8) Illegal abortions = more unsafe abortions.

Countries where abortions are legal have the lowest abortion rates worldwide. Where abortions are illegal and most routinely performed, 95 to 97% of abortions are unsafe and women fatalities are greater. Here I don’t see a strong correlation between secular and non-secular regions, good populations and evil-doing populations. I don’t see the laws doing anything to detract from the act. I think…it’s a poverty thing. And, as such, it’s an education thing.

But these fools in the Texas capitol are also trying to take down Planned Parenthood, its ever-controversial contraceptives, and every form of sex education in its wake. It’s almost as if they want women to stay barefoot and pregnant…
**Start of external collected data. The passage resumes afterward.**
lemma abs_exp_minus_one_le:
  fixes u :: real
  shows "\<bar>exp u - 1\<bar> \<le> \<bar>u\<bar> * exp \<bar>u\<bar>"
proof (cases "0 \<le> u")
  case True
  have "1 - u \<le> exp (- u)" using exp_ge_add_one_self[of "-u"] by simp
  then have "exp u * (1 - u) \<le> exp u * exp (- u)" by (intro mult_left_mono) auto
  then have "exp u - 1 \<le> u * exp u" by (simp add: exp_minus field_simps)
  then show ?thesis using True by simp
next
  case False
  have "1 + u \<le> exp u" using exp_ge_add_one_self[of u] by simp
  moreover have "exp u \<le> 1" using False by simp
  moreover have "1 \<le> exp \<bar>u\<bar>" by simp
  ultimately have "\<bar>exp u - 1\<bar> \<le> \<bar>u\<bar>" using False by linarith
  also have "\<dots> \<le> \<bar>u\<bar> * exp \<bar>u\<bar>" by (rule mult_le_cancel_left1[THEN iffD2]) simp
  finally show ?thesis .
qed

lemma abs_exp_difference_quotient_le:
  fixes t s :: real
  assumes t: "0 < t" "t \<le> 1"
  shows "\<bar>(exp (t * s - t\<^sup>2 / 2) - 1) / t\<bar> \<le> (\<bar>s\<bar> + 1) * exp (\<bar>s\<bar> + 1)"
proof -
  let ?u = "t * s - t\<^sup>2 / 2"
  have u1: "\<bar>?u\<bar> \<le> t * (\<bar>s\<bar> + 1)"
  proof -
    have "\<bar>?u\<bar> \<le> \<bar>t * s\<bar> + \<bar>t\<^sup>2 / 2\<bar>" by (rule abs_triangle_ineq4)
    also have "\<bar>t\<^sup>2 / 2\<bar> = t\<^sup>2 / 2" by simp
    finally have "\<bar>?u\<bar> \<le> \<bar>t * s\<bar> + t\<^sup>2 / 2" .
    also have "\<dots> \<le> t * \<bar>s\<bar> + t" using t by (simp add: abs_mult power2_eq_square mult_left_le)
    finally show ?thesis by (simp add: algebra_simps)
  qed
  have u2: "\<bar>?u\<bar> \<le> \<bar>s\<bar> + 1" using u1 t by (smt (verit) mult_left_le_one_le abs_ge_zero)
  have "\<bar>exp ?u - 1\<bar> \<le> \<bar>?u\<bar> * exp \<bar>?u\<bar>" by (rule abs_exp_minus_one_le)
  also have "\<dots> \<le> (t * (\<bar>s\<bar> + 1)) * exp (\<bar>s\<bar> + 1)" using u1 u2 by (intro mult_mono) auto
  finally show ?thesis using t by (simp add: abs_div pos_divide_le_eq algebra_simps)
qed

lemma gauss_density_diff_scaleR:
  fixes y b :: "'a::euclidean_space" assumes b: "b \<in> Basis"
  shows "gauss_density (y - t *\<^sub>R b) = gauss_density y * exp (t * (y \<bullet> b) - t\<^sup>2 / 2)"
proof -
  have "(norm (y - t *\<^sub>R b))\<^sup>2 = (norm y)\<^sup>2 - 2 * t * (y \<bullet> b) + t\<^sup>2"
    using b unfolding power2_norm_eq_inner
    by (simp add: inner_diff_left inner_diff_right inner_commute power2_eq_square inner_Basis)
  then show ?thesis
    by (simp add: gauss_density_def exp_add[symmetric] algebra_simps diff_divide_distrib
        add_divide_distrib)
qed

lemma integral_gauss_difference_quotient:
  fixes h :: "'a::euclidean_space \<Rightarrow> real"
  assumes b: "b \<in> Basis" and [measurable]: "h \<in> borel_measurable borel"
    and bounded: "\<And>x. \<bar>h x\<bar> \<le> B"
  shows "(\<integral>x. gauss_density x * ((h (x + t *\<^sub>R b) - h x) / t) \<partial>lborel)
       = (\<integral>x. gauss_density x * h x * ((exp (t * (x \<bullet> b) - t\<^sup>2 / 2) - 1) / t) \<partial>lborel)"
proof -
  have int: "integrable lborel (\<lambda>x. gauss_density x * h x)"
    "integrable lborel (\<lambda>x. gauss_density x * h (x + t *\<^sub>R b))"
    using bounded by (auto intro!: integrable_gauss_density_mult_bounded)
  have int_exp: "integrable lborel (\<lambda>x. gauss_density x * h x * exp (t * (x \<bullet> b) - t\<^sup>2 / 2))"
    using int(2) lborel_integral_translate(2)[of "\<lambda>y. gauss_density (y - t *\<^sub>R b) * h y" "t *\<^sub>R b"]
    by (simp add: gauss_density_diff_scaleR[OF b] mult_ac)
  have "(\<integral>x. gauss_density x * h (x + t *\<^sub>R b) \<partial>lborel)
      = (\<integral>x. gauss_density x * h x * exp (t * (x \<bullet> b) - t\<^sup>2 / 2) \<partial>lborel)"
    using lborel_integral_translate(1)[of "\<lambda>y. gauss_density (y - t *\<^sub>R b) * h y" "t *\<^sub>R b"]
    by (simp add: gauss_density_diff_scaleR[OF b] mult_ac)
  then show ?thesis
    using int int_exp by (simp add: right_diff_distrib diff_divide_distrib[symmetric])
qed
(* Consider a run of RLS-GP on the target $\mathrm{OR}_n$, using $F = \{\mathrm{AND}, \mathrm{OR}\}$, $L = \{x_1,\ldots,x_n\}$, the complete truth table as fitness, and a tree size limit $\ell = (1+c) n$. Let $T$ be the number of iterations before the optimum is found. If $c = \Theta(1)$ (i.e. $c > 0$ is a constant), then $E[T] = O(\ell\, n \log^2 n)$.
   Context: Programs are finite rooted binary trees (the empty tree is allowed) whose internal nodes are labelled by binary Boolean functions from $F$ and whose leaves are labelled by literals from $L$; a program computes a Boolean function of $(x_1,\dots,x_n)$ in the obvious way. $\mathrm{OR}_n(x) = x_1 \vee \dots \vee x_n$. The fitness (to be minimised) of a program $X$ is $f(X) = |\{x \in \{0,1\}^n : X(x) \ne \mathrm{OR}_n(x)\}|$; the optimum is a tree of fitness $0$. LeafCount$(X)$ is the number of leaves of $X$. HVL-Prime with subtree deletion, applied to a tree $X$: choose $op \in \{\mathrm{INS}, \mathrm{DEL}, \mathrm{SUB}\}$, a literal $l \in L$ and a function $g \in F$, independently and uniformly at random. If $X$ is empty, the result is the single leaf $l$. Otherwise: if $op = \mathrm{INS}$, choose a node $x$ of $X$ uniformly at random and replace it by a new node labelled $g$ whose two children are the subtree rooted at $x$ and a new leaf $l$, in uniformly random order; if $op = \mathrm{DEL}$, choose a node $x$ of $X$ (leaf or internal) uniformly at random and replace the parent of $x$ by the sibling of $x$; if $op = \mathrm{SUB}$, choose a leaf of $X$ uniformly at random and replace it by $l$. RLS-GP with tree size limit $\ell$: start with the empty tree $X$; in each iteration let $X' := $ HVL-Prime$(X)$, and if LeafCount$(X') \le \ell$ and $f(X') \le f(X)$ then set $X := X'$. Asymptotics are as $n \to \infty$. *)

theory Defs
  imports "HOL-Probability.Probability"
begin

text \<open>The possibly empty tree is
  represented as a gp option (None = empty tree).\<close>

datatype fn = AND | OR

datatype gp = Leaf nat | Node fn gp gp

datatype hvl_op = INS | DEL | SUB

fun num_nodes :: "gp \<Rightarrow> nat" where
  "num_nodes (Leaf i) = 1"
| "num_nodes (Node g a b) = Suc (num_nodes a + num_nodes b)"

fun leaf_count :: "gp \<Rightarrow> nat" where
  "leaf_count (Leaf i) = 1"
| "leaf_count (Node g a b) = leaf_count a + leaf_count b"

definition LeafCount :: "gp option \<Rightarrow> nat" where
  "LeafCount X = (case X of None \<Rightarrow> 0 | Some t \<Rightarrow> leaf_count t)"

fun eval :: "gp \<Rightarrow> nat set \<Rightarrow> bool" where
  "eval (Leaf i) S = (i \<in> S)"
| "eval (Node AND a b) S = (eval a S \<and> eval b S)"
| "eval (Node OR a b) S = (eval a S \<or> eval b S)"

text \<open>Fitness: number of inputs in {0,1}^n (identified with subsets of {1..n})
  on which the program disagrees with OR_n.  Convention: the empty tree computes
  nothing and gets the worst possible fitness 2^n.\<close>
definition fit :: "nat \<Rightarrow> gp option \<Rightarrow> nat" where
  "fit n X = (case X of None \<Rightarrow> 2 ^ n
     | Some t \<Rightarrow> card {S \<in> Pow {1..n}. eval t S \<noteq> (S \<noteq> {})})"

text \<open>Apply f to the subtree rooted at the k-th node (preorder, 0 = root).\<close>
fun at_node :: "(gp \<Rightarrow> gp) \<Rightarrow> nat \<Rightarrow> gp \<Rightarrow> gp" where
  "at_node f k (Leaf i) = (if k = 0 then f (Leaf i) else Leaf i)"
| "at_node f k (Node g a b) =
     (if k = 0 then f (Node g a b)
      else if k \<le> num_nodes a then Node g (at_node f (k - 1) a) b
      else Node g a (at_node f (k - 1 - num_nodes a) b))"

text \<open>Subtree deletion at a non-root node k (preorder): the parent of node k is
  replaced by the sibling of node k.\<close>
fun del_nr :: "nat \<Rightarrow> gp \<Rightarrow> gp" where
  "del_nr k (Leaf i) = Leaf i"
| "del_nr k (Node g a b) =
     (if k = 1 then b
      else if k = Suc (num_nodes a) then a
      else if k \<le> num_nodes a then Node g (del_nr (k - 1) a) b
      else Node g a (del_nr (k - 1 - num_nodes a) b))"

text \<open>Replace the j-th leaf (left to right, 0-based) by the literal l.\<close>
fun sub_leaf :: "nat \<Rightarrow> nat \<Rightarrow> gp \<Rightarrow> gp" where
  "sub_leaf j l (Leaf i) = (if j = 0 then Leaf l else Leaf i)"
| "sub_leaf j l (Node g a b) =
     (if j < leaf_count a then Node g (sub_leaf j l a) b
      else Node g a (sub_leaf (j - leaf_count a) l b))"

definition hvl :: "nat \<Rightarrow> gp option \<Rightarrow> gp option pmf" where
  "hvl n X =
    bind_pmf (pmf_of_set {INS, DEL, SUB}) (\<lambda>op.
    bind_pmf (pmf_of_set {1..n}) (\<lambda>l.
    bind_pmf (pmf_of_set {AND, OR}) (\<lambda>g.
      (case X of
        None \<Rightarrow> return_pmf (Some (Leaf l))
      | Some t \<Rightarrow>
          (case op of
            INS \<Rightarrow> bind_pmf (pmf_of_set {..<num_nodes t}) (\<lambda>k.
                     map_pmf (\<lambda>b. Some (at_node
                         (\<lambda>s. if b then Node g s (Leaf l) else Node g (Leaf l) s) k t))
                       (pmf_of_set (UNIV :: bool set)))
          | DEL \<Rightarrow> map_pmf (\<lambda>k. if k = 0 then None else Some (del_nr k t))
                     (pmf_of_set {..<num_nodes t})
          | SUB \<Rightarrow> map_pmf (\<lambda>j. Some (sub_leaf j l t))
                     (pmf_of_set {..<leaf_count t}))))))"

definition rls_step :: "nat \<Rightarrow> nat \<Rightarrow> gp option \<Rightarrow> gp option pmf" where
  "rls_step n ell X =
     map_pmf (\<lambda>X'. if LeafCount X' \<le> ell \<and> fit n X' \<le> fit n X then X' else X) (hvl n X)"

definition stopped_step :: "nat \<Rightarrow> nat \<Rightarrow> gp option \<Rightarrow> gp option pmf" where
  "stopped_step n ell X = (if fit n X = 0 then return_pmf X else rls_step n ell X)"

fun stopped_dist :: "nat \<Rightarrow> nat \<Rightarrow> nat \<Rightarrow> gp option pmf" where
  "stopped_dist n ell 0 = return_pmf None"
| "stopped_dist n ell (Suc t) = bind_pmf (stopped_dist n ell t) (stopped_step n ell)"

text \<open>E[T] = sum over t of Pr[T > t], where T is the number of iterations before the
  optimum is found; T > t iff the stopped chain is not optimal at time t.\<close>
definition expected_time :: "nat \<Rightarrow> nat \<Rightarrow> ennreal" where
  "expected_time n ell =
     (\<Sum>t. ennreal (measure_pmf.prob (stopped_dist n ell t) {X. fit n X \<noteq> 0}))"

end

theory Submission
  imports Defs "HOL-Analysis.Harmonic_Numbers" "HOL-Library.Log_Nat"
begin

text \<open>AND/OR trees over positive literals are monotone and reject the empty input, so the
  fitness counts the nonempty inputs a tree rejects, and a deletion costs no fitness as long
  as no accepted input is lost. We apply additive drift to the potential
  fit_weight * fit_potential (f X) + size_weight * LeafCount X, where fit_potential F sums
  1 / (j (s_j + 1)) over j \<le> F and the level s_j is about log_n j. Fewer than n^s inputs have
  fewer than s ones, so F false inputs have total size about F s_F, and putting the tree under
  a new OR root next to a uniformly random literal lowers fit_potential by Omega(1/n) in
  expectation; this pays for the size increase of all insertions while the tree is below the
  limit ell. A tree at the limit has at most n forcing variables (variables that alone make it
  true), and all leaves but one per forcing variable can be deleted safely, so then deletions
  pay. The expected drop is at least 1 per iteration, so E[T] is bounded by the potential of
  the empty tree, which is O(ell n log^2 n) because fit_potential is at most
  1 + ceillog2 n * H_n.\<close>

section \<open>Counting subsets of a finite set\<close>

lemma sum_card_filter_mem:
  assumes "finite A" and "Z \<subseteq> Pow A"
  shows "(\<Sum>i\<in>A. card {S \<in> Z. i \<in> S}) = (\<Sum>S\<in>Z. card S)"
proof -
  have fin: "finite Z"
    using assms by (meson finite_Pow_iff finite_subset)
  have "(\<Sum>i\<in>A. card {S \<in> Z. i \<in> S}) = (\<Sum>i\<in>A. \<Sum>S\<in>Z. if i \<in> S then 1 else 0)"
    using fin by (intro sum.cong refl) (simp add: sum.inter_filter[symmetric])
  also have "\<dots> = (\<Sum>S\<in>Z. \<Sum>i\<in>A. if i \<in> S then 1 else 0)"
    by (rule sum.swap)
  also have "\<dots> = (\<Sum>S\<in>Z. card S)"
    using assms by (intro sum.cong refl) (auto simp: sum.If_cases Int_absorb1)
  finally show ?thesis .
qed

lemma card_le_sum_card:
  assumes "finite A" and "Z \<subseteq> Pow A - {{}}"
  shows "card Z \<le> (\<Sum>S\<in>Z. card S)"
proof -
  have "card Z = (\<Sum>S\<in>Z. 1)" by simp
  also have "\<dots> \<le> (\<Sum>S\<in>Z. card S)"
  proof (rule sum_mono)
    fix S assume "S \<in> Z"
    then have "S \<noteq> {}" and "finite S"
      using assms by (auto intro: finite_subset)
    then show "1 \<le> card S"
      by (simp add: Suc_leI card_gt_0_iff)
  qed
  finally show ?thesis .
qed

lemma card_small_subsets_le:
  assumes "finite A" and "2 \<le> card A"
  shows "card {S \<in> Pow A. card S < s} \<le> card A ^ s"
proof (induction s)
  case (Suc s)
  have "{S \<in> Pow A. card S < Suc s} = {S \<in> Pow A. card S < s} \<union> {S. S \<subseteq> A \<and> card S = s}"
    by auto
  then have "card {S \<in> Pow A. card S < Suc s}
      \<le> card {S \<in> Pow A. card S < s} + card {S. S \<subseteq> A \<and> card S = s}"
    using card_Un_le by (simp only:)
  also have "card {S. S \<subseteq> A \<and> card S = s} = card A choose s"
    using n_subsets[OF assms(1)] by simp
  also have "card A choose s \<le> card A ^ s"
    by (cases "s \<le> card A") (auto simp: binomial_le_pow binomial_eq_0)
  finally have "card {S \<in> Pow A. card S < Suc s} \<le> 2 * card A ^ s"
    using Suc by linarith
  also have "\<dots> \<le> card A ^ Suc s"
    using assms(2) by (simp add: mult_right_mono)
  finally show ?case .
qed simp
9) Too many men–not men alone–but *too many* men are testifying and making big decisions about what’s going on inside of my body. It’s not about what is written in our constitution. It’s not about science or health. It’s not even about the preservation of life. (How many in this party support war, the death penalty, and right to bear automatic assault weapons?)  It’s all about the murder that they “feel” is happening in my body. Unfortunately, men possess the majority of voting power on this particular issue–and all issues–in every single state legislature in the U.S.

What I really want to say to them is this: sit your asses out on this one, enjoy a beer, watch the game, and go get paid your extra quarter on the hour. You have a relatively shorter lifespan; I have to go through childbirth and everything that comes with it.

That’s the deal, and if you stick to it I’ll love you long time.